Most striped bass are migratory, although a very small portion of the population of striped bass within the Hudson River during spring migrations are believed to be resident to the river throughout their life span. For males, once they have returned to the ocean after spring spawning migrations, there is likely growth dilution of the accumulated PBDE concentrations thereby, over time, displaying smaller concentrations in larger individuals. For females, there may have been transfer of PBDEs from the body of the female to eggs prior to or during their entry into the river. During preparation for and the period of spawning, there is highly active development of the reproductive products with massive transfer of fats/oils (and a portion of their contaminants) from the body to the eggs. This may cause the concentrations of chemical residues in the body to be reduced in relation to PBDE concentrations in males of the same size. Other studies documented positive correlations between concentrations of hydrophobic contaminants such as PBDEs and fish weight (21, 31). Our investigation suggests no consistent relationships (positive, negative, or otherwise) between concentration of ΣPBDEs and weight of fish of the Hudson River. Some examples for brown bullhead, striped bass, yellow perch, largemouth bass, and smallmouth bass are shown in Figure S2 of Supporting Information. The correlations between the levels of ΣPBDEs in fishes and their weight varied among species and locations of the Hudson River (see S4 in the Supporting Information for detailed discussion). The wide variations in food preferences and the metabolic differences among fish species, or within a species at different ages, might contribute to the observed variation between the levels of ΣPBDEs in aquatic organisms and their physical characteristics. In addition, differences in PBDE sources, water, and sediment chemistry at different locations along the river might also impact PBDEs uptake and accumulation in aquatic organisms.

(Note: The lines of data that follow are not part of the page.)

(* Let $m\ge 2$ be an integer. If $m$ is not a power of $2$, then the $m$-element subsets of a $2m$-element set $X$ can be coloured Red and Blue so that (i) complementary $m$-sets (i.e. $A$ and $X\setminus A$) receive distinct colours, and (ii) every point of $X$ is contained in the same number of Red sets as Blue sets. If $m$ is a power of $2$, then there is a Red–Blue colouring of the $m$-subsets of $X$ satisfying (i) such that for $m/2$ of the points of $X$, the number of Red sets containing the point exceeds the number of Blue sets containing it by $3$, and for the remaining $3m/2$ points, the number of Blue sets containing the point exceeds the number of Red sets containing it by $1$. *)

theory Defs
  imports Main
begin

definition msubsets :: "'a set \<Rightarrow> nat \<Rightarrow> 'a set set" where
  "msubsets X m = {A. A \<subseteq> X \<and> card A = m}"

definition red_deg :: "('a set \<Rightarrow> bool) \<Rightarrow> 'a set \<Rightarrow> nat \<Rightarrow> 'a \<Rightarrow> nat" where
  "red_deg red X m x = card {A \<in> msubsets X m. red A \<and> x \<in> A}"

definition blue_deg :: "('a set \<Rightarrow> bool) \<Rightarrow> 'a set \<Rightarrow> nat \<Rightarrow> 'a \<Rightarrow> nat" where
  "blue_deg red X m x = card {A \<in> msubsets X m. \<not> red A \<and> x \<in> A}"
text \<open>Optimising the Young inequality above in c gives (\<integral> N)^2 \<le> n_\<Psi>(N) \<integral> N / \<Psi>(N), and
  \<integral> N is the average of w over I.\<close>
lemma square_set_integral_divide_nPsi_le:
  assumes fin: "nPsi \<Psi> (distN w I) < \<infinity>"
  shows "ennreal ((set_lebesgue_integral lborel I w)^2 / (len I * enn2real (nPsi \<Psi> (distN w I))))
    \<le> ennreal (len I) * (\<integral>\<^sup>+ t\<in>{0<..}. ennreal (distN w I t / \<Psi> (distN w I t)) \<partial>lborel)"
    (is "ennreal (?\<mu>^2 / (len I * ?n)) \<le> ennreal (len I) * ?m")
proof (cases "?m = \<infinity>")
  case True
  then show ?thesis
    using dyadic_lattice_len_pos[OF I] by (simp add: ennreal_mult_top)
next
  case False
  let ?N = "distN w I"
  define mr where "mr = enn2real ?m"
  have len: "0 < len I"
    using dyadic_lattice_len_pos[OF I] .
  have \<mu>: "0 \<le> ?\<mu>"
    using weight_nonneg[OF w] by (rule set_integral_nonneg)
  have m: "?m = ennreal mr" "0 \<le> mr"
    using False by (simp_all add: mr_def ennreal_enn2real less_top)
  define nr where "nr = ?n"
  have n: "nPsi \<Psi> ?N = ennreal nr" "0 \<le> nr"
    using fin by (simp_all add: nr_def ennreal_enn2real less_top)
  have A: "(\<integral>\<^sup>+ t\<in>{0<..}. ennreal (?N t) \<partial>lborel) = ennreal (?\<mu> / len I)"
    by (rule nn_integral_distN_average[OF w I])
  have "(?\<mu> / len I)^2 \<le> mr * nr"
  proof (rule square_le_of_quadratic_nonneg)
    fix c :: real
    show "0 \<le> mr - 2 * c * (?\<mu> / len I) + c^2 * nr"
    proof (cases "0 \<le> c")
      case True
      have "ennreal (2 * c * (?\<mu> / len I)) = ennreal (2 * c) * ennreal (?\<mu> / len I)"
        using True \<mu> len by (intro ennreal_mult) auto
      also have "\<dots> \<le> ennreal (c^2) * nPsi \<Psi> ?N + ?m"
        using nn_integral_distN_young[OF True] unfolding A .
      also have "\<dots> = ennreal (c^2 * nr + mr)"
        using n m by (simp add: ennreal_mult ennreal_plus)
      finally have "ennreal (2 * c * (?\<mu> / len I)) \<le> ennreal (c^2 * nr + mr)" .
      moreover have "0 \<le> c^2 * nr + mr"
        using n m by simp
      ultimately show ?thesis
        using ennreal_le_iff by simp
    next
      case False
      then have "c * (?\<mu> / len I) \<le> 0"
        using \<mu> len by (intro mult_nonpos_nonneg) auto
      then show ?thesis
        using n m by simp
    qed
  qed (use n in simp)
  then have "?\<mu>^2 / (len I * nr) \<le> len I * mr"
    using len n(2) m(2) by (cases "nr = 0") (simp_all add: field_simps power2_eq_square)
  then have "ennreal (?\<mu>^2 / (len I * ?n)) \<le> ennreal (len I * mr)"
    unfolding nr_def by (rule ennreal_leI)
  also have "\<dots> = ennreal (len I) * ?m"
    using m len by (simp add: ennreal_mult)
  finally show ?thesis .
qed
lemma upper_index_bounded: "\<exists>M. eventually (\<lambda>t. upper_index t \<le> M) at_top"
proof -
  obtain B where "B > 0" and bnd: "eventually (\<lambda>t. \<forall>i\<in>{1..n}. x t i \<le> B) at_top"
    using bounded by blast
  have "eventually (\<lambda>t. upper_index t \<le> (\<Sum>j\<in>{p<..n}. B powr weight j)) at_top"
    using bnd eventually_ge_at_top[of 0]
  proof eventually_elim
    case (elim t)
    show ?case unfolding upper_index_def
    proof (rule sum_mono)
      fix j assume j: "j \<in> {p<..n}"
      show "x t j powr weight j \<le> B powr weight j"
        using elim pos[OF _ upper_range[OF j]] upper_range[OF j] weight_pos[OF j]
        by (intro powr_mono2) (auto intro: less_imp_le)
    qed
  qed
  thus ?thesis by blast
qed

text \<open>Species p dies out: the gap grows without bound while the upper index stays bounded.\<close>
lemma extinct: "((\<lambda>t. x t p) \<longlongrightarrow> 0) at_top"
proof (rule order_tendstoI)
  fix c :: real assume "c < 0"
  show "eventually (\<lambda>t. c < x t p) at_top"
    using eventually_ge_at_top[of 0] by eventually_elim (use pos p_range \<open>c < 0\<close> in force)
next
  fix e :: real assume e: "e > 0"
  obtain r where r: "r > 0" and persists: "eventually (\<lambda>t. upper_index t \<ge> r) at_top"
    using upper_index_persists by blast
  obtain M where bnd: "eventually (\<lambda>t. upper_index t \<le> M) at_top"
    using upper_index_bounded by blast
  define L where "L = ln (max M 1) - ln e + 1"
  text \<open>Below level L, species p is at least r e^{-L}.\<close>
  have "eventually (\<lambda>t. gap t \<le> L \<longrightarrow> x t p \<ge> r * exp (- L)) at_top"
    using persists eventually_ge_at_top[of 0]
  proof (eventually_elim, intro impI)
    fix t :: real assume "upper_index t \<ge> r" "0 \<le> t" "gap t \<le> L"
    thus "x t p \<ge> r * exp (- L)" using x_p_eq[of t] r by (auto intro!: mult_mono)
  qed
  hence "eventually (\<lambda>t. gap t \<ge> L) at_top" using r by (intro gap_eventually_ge) auto
  thus "eventually (\<lambda>t. x t p < e) at_top"
    using bnd eventually_ge_at_top[of 0]
  proof eventually_elim
    case (elim t)
    have "ln (x t p) = ln (upper_index t) - gap t" by (simp add: gap_def)
    also have "\<dots> \<le> ln (max M 1) - L"
    proof -
      have "upper_index t \<le> max M 1" using elim by simp
      hence "ln (upper_index t) \<le> ln (max M 1)" using elim upper_index_pos[of t] by simp
      thus ?thesis using elim by linarith
    qed
    also have "\<dots> < ln e" by (simp add: L_def)
    finally show ?case using pos[OF _ p_range(1)] elim e by (simp add: ln_less_cancel_iff)
  qed
qed

end

context LV_system
begin

lemma layer: "1 \<le> p \<Longrightarrow> p < n \<Longrightarrow> (\<And>k. k \<in> {1..<p} \<Longrightarrow> ((\<lambda>t. x t k) \<longlongrightarrow> 0) at_top)
    \<Longrightarrow> LV_layer n b a x p"
  by (intro LV_layer.intro LV_system_axioms LV_layer_axioms.intro)

lemma extinct_below_top: "k \<in> {1..n-1} \<Longrightarrow> ((\<lambda>t. x t k) \<longlongrightarrow> 0) at_top"
proof (induction k rule: less_induct)
  case (less k)
  hence "LV_layer n b a x k" using n2 by (intro layer) auto
  thus ?case by (rule LV_layer.extinct)
qed
(* Let $(G,c)$ be a colored DAG and let $S_G=\{\prod_{i\in V}|\Sigma_{\mathrm{pa}_G(i)}|^{k_i}: k_i\in\mathbb N\}$ be the multiplicatively closed set generated by the parental principal minors. Then the vanishing ideal $P_{G,c}$ of $\mathcal M(G,c)$ equals $I_{G,c}:S_G$.
   Context: $\mathbb R[\Sigma]$ is the polynomial ring in symmetric variables $\sigma_{ij}=\sigma_{ji}$; $\Sigma_B$ principal submatrix (with $|\Sigma_\emptyset|=1$); $\Sigma_{ij|K}$ the submatrix with rows $(i,K)$, columns $(j,K)$; $J:S=\{f: fs\in J\text{ for some } s\in S\}$. $G=(V,E)$ a DAG with $V=[p]$ naturally ordered; $c:V\sqcup E\to C$, $c(V)\cap c(E)=\emptyset$. $\mathcal M(G,c)$ is the set of $(I-\Lambda)^{-T}\Omega(I-\Lambda)^{-1}$ with $\Omega=\mathrm{diag}(\omega_i)$, $\omega_i>0$, $\lambda_{ij}=0$ for $ij\notin E$, $\omega_i=\omega_k$ when $c(i)=c(k)$, $\lambda_{ij}=\lambda_{kl}$ when $c(ij)=c(kl)$; $P_{G,c}$ is the ideal of polynomials vanishing on $\mathcal M(G,c)$. $I_{G,c}$ is generated by: $|\Sigma_{ij|\mathrm{pa}(j)}|$ for $i<j$, $ij\notin E$; $|\Sigma_{\{i\}\cup\mathrm{pa}(i)}|\,|\Sigma_{\mathrm{pa}(j)}|-|\Sigma_{\{j\}\cup\mathrm{pa}(j)}|\,|\Sigma_{\mathrm{pa}(i)}|$ for $c(i)=c(j)$; $|\Sigma_{ij|\mathrm{pa}(j)\setminus i}|\,|\Sigma_{\mathrm{pa}(l)}|-|\Sigma_{kl|\mathrm{pa}(l)\setminus k}|\,|\Sigma_{\mathrm{pa}(j)}|$ for $c(ij)=c(kl)$. *)

theory Defs
  imports "Jordan_Normal_Form.Determinant" "HOL-Library.Poly_Mapping"
begin

text \<open>Polynomials in variables x_(a,b) with real coefficients, as finitely supported
  maps from monomials (finitely supported exponent vectors) to coefficients.
  The symmetric ring R[Sigma] on vertex set V = {0..<p} is the subring of polynomials
  using only the variables x_(a,b) with a \<le> b < p; sigma_ab = sigma_ba = x_(min,max).\<close>

type_synonym mpoly = "((nat \<times> nat) \<Rightarrow>\<^sub>0 nat) \<Rightarrow>\<^sub>0 real"

definition in_sym_ring :: "nat \<Rightarrow> mpoly \<Rightarrow> bool" where
  "in_sym_ring p f \<longleftrightarrow> (\<forall>m \<in> Poly_Mapping.keys f. \<forall>v \<in> Poly_Mapping.keys m. fst v \<le> snd v \<and> snd v < p)"

definition sym_ring :: "nat \<Rightarrow> mpoly set" where
  "sym_ring p = {f. in_sym_ring p f}"

definition sigma :: "nat \<Rightarrow> nat \<Rightarrow> mpoly" where
  "sigma a b = Poly_Mapping.single (Poly_Mapping.single (min a b, max a b) 1) 1"

definition eval_poly :: "real mat \<Rightarrow> mpoly \<Rightarrow> real" where
  "eval_poly S f = (\<Sum>m \<in> Poly_Mapping.keys f. Poly_Mapping.lookup f m *
      (\<Prod>v \<in> Poly_Mapping.keys m. (S $$ (fst v, snd v)) ^ Poly_Mapping.lookup m v))"

definition submat_sym :: "nat list \<Rightarrow> nat list \<Rightarrow> mpoly mat" where
  "submat_sym rs cs = mat (length rs) (length cs) (\<lambda>(a, b). sigma (rs ! a) (cs ! b))"

definition pminor :: "nat set \<Rightarrow> mpoly" where
  "pminor B = det (submat_sym (sorted_list_of_set B) (sorted_list_of_set B))"

definition cminor :: "nat \<Rightarrow> nat \<Rightarrow> nat set \<Rightarrow> mpoly" where
  "cminor i j K = det (submat_sym (i # sorted_list_of_set K) (j # sorted_list_of_set K))"

definition pa :: "(nat \<times> nat) set \<Rightarrow> nat \<Rightarrow> nat set" where
  "pa E j = {i. (i, j) \<in> E}"

text \<open>DAG on V = {0..<p}, naturally ordered: every edge (i,j) has i < j.\<close>
definition dag :: "nat \<Rightarrow> (nat \<times> nat) set \<Rightarrow> bool" where
  "dag p E \<longleftrightarrow> (\<forall>(i, j) \<in> E. i < j \<and> j < p)"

Acknowledgments We thank the staff of the New York State Department of Environmental Conservation for sample collection and the staff of the Mississippi State Chemical Laboratory for sample analysis. We also thank Dr. Steve Miranda of the Department of Wildlife & Fisheries at Mississippi State University for providing information on trophic level classification for aquatic organisms.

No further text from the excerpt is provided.